▶ _Exercise aim_:
Return the lines below that carry the word "lemma".
BEGIN
lemma con_segment_exit:
  assumes "finite C" "x \<in> con C" "z \<notin> con C"
  obtains w a b where "w \<in> closed_segment x z" "w \<in> con C" "(a, b) \<in> C" "a \<bullet> w = b" "b < a \<bullet> z"
proof -
  define S where "S = {(a, b) \<in> C. b < a \<bullet> z}"
  define \<tau> where "\<tau> c = (snd c - fst c \<bullet> x) / (fst c \<bullet> z - fst c \<bullet> x)" for c
  txt \<open>\<open>\<tau> c\<close> is the parameter at which the segment crosses the boundary of \<open>c\<close>; the first
    crossing among the violated constraints gives the exit point.\<close>
  have "finite S" using assms(1) by (rule rev_finite_subset) (auto simp: S_def)
  moreover have "S \<noteq> {}" using assms(3) by (force simp: S_def mem_con_iff)
  ultimately have "Min (\<tau> ` S) \<in> \<tau> ` S" by (intro Min_in) auto
  then obtain c where c: "c \<in> S" "\<tau> c = Min (\<tau> ` S)" by auto
  obtain a b where ab: "(a, b) \<in> S" and least: "\<And>c'. c' \<in> S \<Longrightarrow> \<tau> (a, b) \<le> \<tau> c'"
    using c \<open>finite S\<close> by (metis Min_le finite_imageI image_eqI prod.exhaust)
  define t where "t = \<tau> (a, b)"
  define w where "w = (1 - t) *\<^sub>R x + t *\<^sub>R z"
  have inner_w: "c \<bullet> w = c \<bullet> x + t * (c \<bullet> z - c \<bullet> x)" for c
    by (simp add: w_def inner_add_right algebra_simps)
  have abC: "(a, b) \<in> C" and bz: "b < a \<bullet> z" using ab by (auto simp: S_def)
  have xb: "a \<bullet> x \<le> b" using con_le[OF assms(2) abC] .
  then have t: "0 \<le> t" "t < 1" using bz by (auto simp: t_def \<tau>_def divide_simps)
  have "a \<bullet> w = b" using xb bz by (simp add: inner_w t_def \<tau>_def)
  moreover have "w \<in> closed_segment x z"
    using t by (auto simp: in_segment w_def)
  moreover have "w \<in> con C"
    unfolding mem_con_iff
  proof clarify
    fix a' b' assume ab': "(a', b') \<in> C"
    have xb': "a' \<bullet> x \<le> b'" using con_le[OF assms(2) ab'] .
    show "a' \<bullet> w \<le> b'"
    proof (cases "b' < a' \<bullet> z")
      case True
      then have "t \<le> (b' - a' \<bullet> x) / (a' \<bullet> z - a' \<bullet> x)"
        using least[of "(a', b')"] ab' by (simp add: S_def t_def \<tau>_def)
      with True xb' show ?thesis by (simp add: inner_w pos_le_divide_eq mult.commute)
    next
      case False
      then have "(1 - t) * (a' \<bullet> x) + t * (a' \<bullet> z) \<le> (1 - t) * b' + t * b'"
        using t xb' by (intro add_mono mult_left_mono) auto
      then show ?thesis by (simp add: inner_w algebra_simps)
    qed
  qed
  ultimately show ?thesis using that abC bz by blast
qed

lemma mem_other_if_beyond_constraint:
  assumes "convex (S \<union> T)" "S \<subseteq> {x. a \<bullet> x \<le> b}" "x \<in> S" "y \<in> T" "z \<in> closed_segment x y" "b < a \<bullet> z"
  shows "z \<in> T"
proof -
  have "z \<in> S \<union> T" using closed_segment_subset[OF _ _ assms(1)] assms(3-5) by blast
  moreover have "z \<notin> S" using assms(2,6) by auto
  ultimately show ?thesis by blast
qed

lemma saturating_point_in_if_convex_Un:
  assumes cv: "convex (con C1 \<union> T)" and "closed T"
    and ab: "(a, b) \<in> C1" and p: "p \<in> con C1" "a \<bullet> p = b" and q: "q \<in> T" "b < a \<bullet> q"
  shows "p \<in> T"
proof -
  have "open_segment p q \<subseteq> T"
  proof
    fix z assume z_seg: "z \<in> open_segment p q"
    then obtain u where u: "0 < u" and z: "z = (1 - u) *\<^sub>R p + u *\<^sub>R q"
      by (auto simp: in_segment)
    have "a \<bullet> z = b + u * (a \<bullet> q - b)"
      using p(2) by (simp add: z inner_add_right algebra_simps)
    also have "\<dots> > b" using u q(2) by simp
    finally have "b < a \<bullet> z" .
    moreover have "con C1 \<subseteq> {x. a \<bullet> x \<le> b}" using ab con_le by blast
    ultimately show "z \<in> T"
      using mem_other_if_beyond_constraint[OF cv _ p(1) q(1) open_closed_segment[OF z_seg]] by blast
  qed
  have "p \<noteq> q" using p(2) q(2) by auto
  then have "closed_segment p q = closure (open_segment p q)" by simp
  also have "\<dots> \<subseteq> T" using closure_minimal[OF \<open>open_segment p q \<subseteq> T\<close> \<open>closed T\<close>] .
  finally have "closed_segment p q \<subseteq> T" .
  then show ?thesis by auto
qed

lemma saturating_ray_of_if_convex_Un:
  assumes cv: "convex (con C1 \<union> con C2)"
    and ab: "(a, b) \<in> C1" and p0: "p0 \<in> con C1"
    and r: "is_ray_of (con C1) r" "a \<bullet> r = 0" and q: "q \<in> con C2" "b < a \<bullet> q"
  shows "is_ray_of (con C2) r"
proof -
  have C1_below: "con C1 \<subseteq> {x. a \<bullet> x \<le> b}" using ab con_le by blast
  have den: "0 < a \<bullet> q - a \<bullet> p0" using con_le[OF p0 ab] q(2) by simp
  txt \<open>Move from \<open>q\<close> towards \<open>p0\<close> just far enough to stay strictly beyond the constraint.\<close>
  define \<mu> where "\<mu> = (a \<bullet> q - b) / (2 * (a \<bullet> q - a \<bullet> p0))"
  define q' where "q' = (1 - \<mu>) *\<^sub>R q + \<mu> *\<^sub>R p0"
  have \<mu>: "0 < \<mu>" "\<mu> \<le> 1"
    using den q(2) con_le[OF p0 ab] by (auto simp: \<mu>_def divide_simps)
  have "a \<bullet> q' = a \<bullet> q - \<mu> * (a \<bullet> q - a \<bullet> p0)"
    by (simp add: q'_def inner_add_right algebra_simps)
  also have "\<dots> = a \<bullet> q - (a \<bullet> q - b) / 2"
    using den by (simp add: \<mu>_def field_simps)
  finally have q'_beyond: "b < a \<bullet> q'" using q(2) by (simp add: field_simps)
  have "q' + \<sigma> *\<^sub>R r \<in> con C2" if "\<sigma> \<ge> 0" for \<sigma>
  proof -
    define y where "y = p0 + (\<sigma> / \<mu>) *\<^sub>R r"
    have y: "y \<in> con C1"
      using r(1) p0 that \<mu>(1) by (simp add: y_def is_ray_of_def)
    have "q' + \<sigma> *\<^sub>R r = (1 - \<mu>) *\<^sub>R q + \<mu> *\<^sub>R y"
      using \<mu>(1) by (simp add: q'_def y_def algebra_simps)
    then have "q' + \<sigma> *\<^sub>R r \<in> closed_segment y q"
      using \<mu> by (subst closed_segment_commute) (auto simp: in_segment intro!: exI[of _ \<mu>])
    moreover have "b < a \<bullet> (q' + \<sigma> *\<^sub>R r)"
      using q'_beyond r(2) by (simp add: inner_add_right)
    ultimately show ?thesis
      using mem_other_if_beyond_constraint[OF cv C1_below y q(1)] by blast
  qed
  then have "\<forall>(c, e)\<in>C2. c \<bullet> r \<le> 0"
    by (blast intro: inner_nonpos_if_halfline_in_con)
  moreover have "r \<noteq> 0" using r(1) by (simp add: is_ray_of_def)
  moreover have "con C2 \<noteq> {}" using q(1) by blast
  ultimately show ?thesis by (simp add: is_ray_of_con_iff)
qed

lemma closed_segment_subset_Un_if_saturating_generators_subsumed:
  assumes fin: "finite C1" and con_eq_gen: "con C1 = gen (R1, P1)" and valid: "valid_gensys R1 P1"
    and subsumed: "\<And>a b. (a, b) \<in> C1 \<Longrightarrow> violates (con C2) (a, b) \<Longrightarrow>
      (\<forall>r\<in>R1. a \<bullet> r = 0 \<longrightarrow> is_ray_of (con C2) r) \<and> (\<forall>p\<in>P1. a \<bullet> p = b \<longrightarrow> p \<in> con C2)"
    and x: "x \<in> con C1" and y: "y \<in> con C2"
  shows "closed_segment x y \<subseteq> con C1 \<union> con C2"
proof
  fix z assume z: "z \<in> closed_segment x y"
  show "z \<in> con C1 \<union> con C2"
  proof (cases "z \<in> con C1")
    case False
    then obtain w a b where w: "w \<in> closed_segment x z" "w \<in> con C1"
      and ab: "(a, b) \<in> C1" "a \<bullet> w = b" "b < a \<bullet> z"
      using con_segment_exit[OF fin x] by metis
    have "b < a \<bullet> y"
    proof (rule ccontr)
      assume "\<not> b < a \<bullet> y"
      then have "closed_segment x y \<subseteq> {v. a \<bullet> v \<le> b}"
        using con_le[OF x ab(1)] by (intro closed_segment_subset convex_halfspace_le) auto
      then show False using z ab(3) by auto
    qed
    then have "violates (con C2) (a, b)" using y by (force simp: violates_def)
    then have "w \<in> con C2"
      using subsumed[OF ab(1)] saturating_point_in_con_if_generators[OF con_eq_gen valid ab(1) w(2) ab(2)]
      by blast
    moreover have "w \<in> closed_segment x y"
      using w(1) z subset_closed_segment[of x z x y] by auto
    then have "z \<in> closed_segment w y"
      using between_swap[of x y w z] w(1) z by (simp add: between_mem_segment)
    ultimately show ?thesis
      using closed_segment_subset[OF _ y convex_con] by blast
  qed simp
qed

lemma convex_Un_con_gen_iff:
  assumes fin: "finite C1" and con_eq_gen: "con C1 = gen (R1, P1)" and valid: "valid_gensys R1 P1"
    and nonempty: "con C1 \<noteq> {}"
  shows "convex (con C1 \<union> con C2) \<longleftrightarrow>
    (\<forall>\<beta>\<in>C1. violates (con C2) \<beta> \<longrightarrow>
      (\<forall>r\<in>R1. ray_saturates r \<beta> \<longrightarrow> is_ray_of (con C2) r) \<and>
      (\<forall>p\<in>P1. point_saturates p \<beta> \<longrightarrow> p \<in> con C2))"
    (is "_ \<longleftrightarrow> (\<forall>\<beta>\<in>C1. ?subsumed \<beta>)")
proof
  assume cv: "convex (con C1 \<union> con C2)"
  show "\<forall>\<beta>\<in>C1. ?subsumed \<beta>"
  proof (clarify, intro conjI ballI impI)
    fix a b assume ab: "(a, b) \<in> C1" and "violates (con C2) (a, b)"
    then obtain q where q: "q \<in> con C2" "b < a \<bullet> q" by (auto simp: violates_def)
    obtain p0 where p0: "p0 \<in> con C1" using nonempty by blast
    fix r assume "r \<in> R1" "ray_saturates r (a, b)"
    then show "is_ray_of (con C2) r"
      using saturating_ray_of_if_convex_Un[OF cv ab p0 _ _ q] is_ray_of_gen[OF valid]
      by (simp add: con_eq_gen ray_saturates_def)
  next
    fix a b assume ab: "(a, b) \<in> C1" and "violates (con C2) (a, b)"
    then obtain q where q: "q \<in> con C2" "b < a \<bullet> q" by (auto simp: violates_def)
    fix p assume "p \<in> P1" "point_saturates p (a, b)"
    moreover have "P1 \<subseteq> con C1"
      using points_subset_gen valid by (auto simp: con_eq_gen valid_gensys_def)
    ultimately show "p \<in> con C2"
      using saturating_point_in_if_convex_Un[OF cv closed_con ab _ _ q] by (auto simp: point_saturates_def)
  qed
next
  assume "\<forall>\<beta>\<in>C1. ?subsumed \<beta>"
  then have segment: "closed_segment x y \<subseteq> con C1 \<union> con C2" if "x \<in> con C1" "y \<in> con C2" for x y
    using that by (intro closed_segment_subset_Un_if_saturating_generators_subsumed[OF fin con_eq_gen valid])
      (auto simp: ray_saturates_def point_saturates_def)
  show "convex (con C1 \<union> con C2)"
    unfolding convex_contains_segment
  proof (intro ballI)
    fix x y assume "x \<in> con C1 \<union> con C2" "y \<in> con C1 \<union> con C2"
    then show "closed_segment x y \<subseteq> con C1 \<union> con C2"
      using segment closed_segment_commute closed_segment_subset[OF _ _ convex_con]
      by (metis Un_iff le_supI1 le_supI2)
  qed
qed

theorem theorem3:
  fixes C1 :: "((real^'n) \<times> real) set"
    and R1 P1 :: "(real^'n) set"
    and Q1 Q2 :: "(real^'n) set"
  assumes "finite C1" and "\<forall>c\<in>C1. valid_constraint c"
    and "valid_gensys R1 P1"
    and "Q1 = con C1" and "Q1 = gen (R1, P1)"
    and "Q1 \<noteq> {}"
    and "is_polyhedron Q2" and "Q2 \<noteq> {}"
  shows "poly_hull Q1 Q2 \<noteq> Q1 \<union> Q2 \<longleftrightarrow>
    (\<exists>\<beta>\<in>C1.
        (\<exists>r\<in>R1. ray_saturates r \<beta> \<and> violates Q2 \<beta> \<and> \<not> is_ray_of Q2 r)
      \<or> (\<exists>p\<in>P1. point_saturates p \<beta> \<and> violates Q2 \<beta> \<and> p \<notin> Q2))"
proof -
  obtain C2 where Q2: "Q2 = con C2"
    using assms(7) unfolding is_polyhedron_def by blast
  have "is_polyhedron Q1"
    using assms(1,2,4) unfolding is_polyhedron_def by blast
  then have "poly_hull Q1 Q2 \<noteq> Q1 \<union> Q2 \<longleftrightarrow> \<not> convex (con C1 \<union> con C2)"
    using poly_hull_eq_Un_iff_convex assms(4,7) Q2 by blast
  also have "\<dots> \<longleftrightarrow> \<not> (\<forall>\<beta>\<in>C1. violates (con C2) \<beta> \<longrightarrow>
      (\<forall>r\<in>R1. ray_saturates r \<beta> \<longrightarrow> is_ray_of (con C2) r) \<and>
      (\<forall>p\<in>P1. point_saturates p \<beta> \<longrightarrow> p \<in> con C2))"
    using convex_Un_con_gen_iff[OF assms(1) _ assms(3)] assms(4-6) by simp
  finally show ?thesis unfolding Q2 by blast
qed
END
▶ _Result for this task_:
lemma con_segment_exit:
lemma mem_other_if_beyond_constraint:
lemma saturating_point_in_if_convex_Un:
lemma saturating_ray_of_if_convex_Un:
lemma closed_segment_subset_Un_if_saturating_generators_subsumed:
lemma convex_Un_con_gen_iff:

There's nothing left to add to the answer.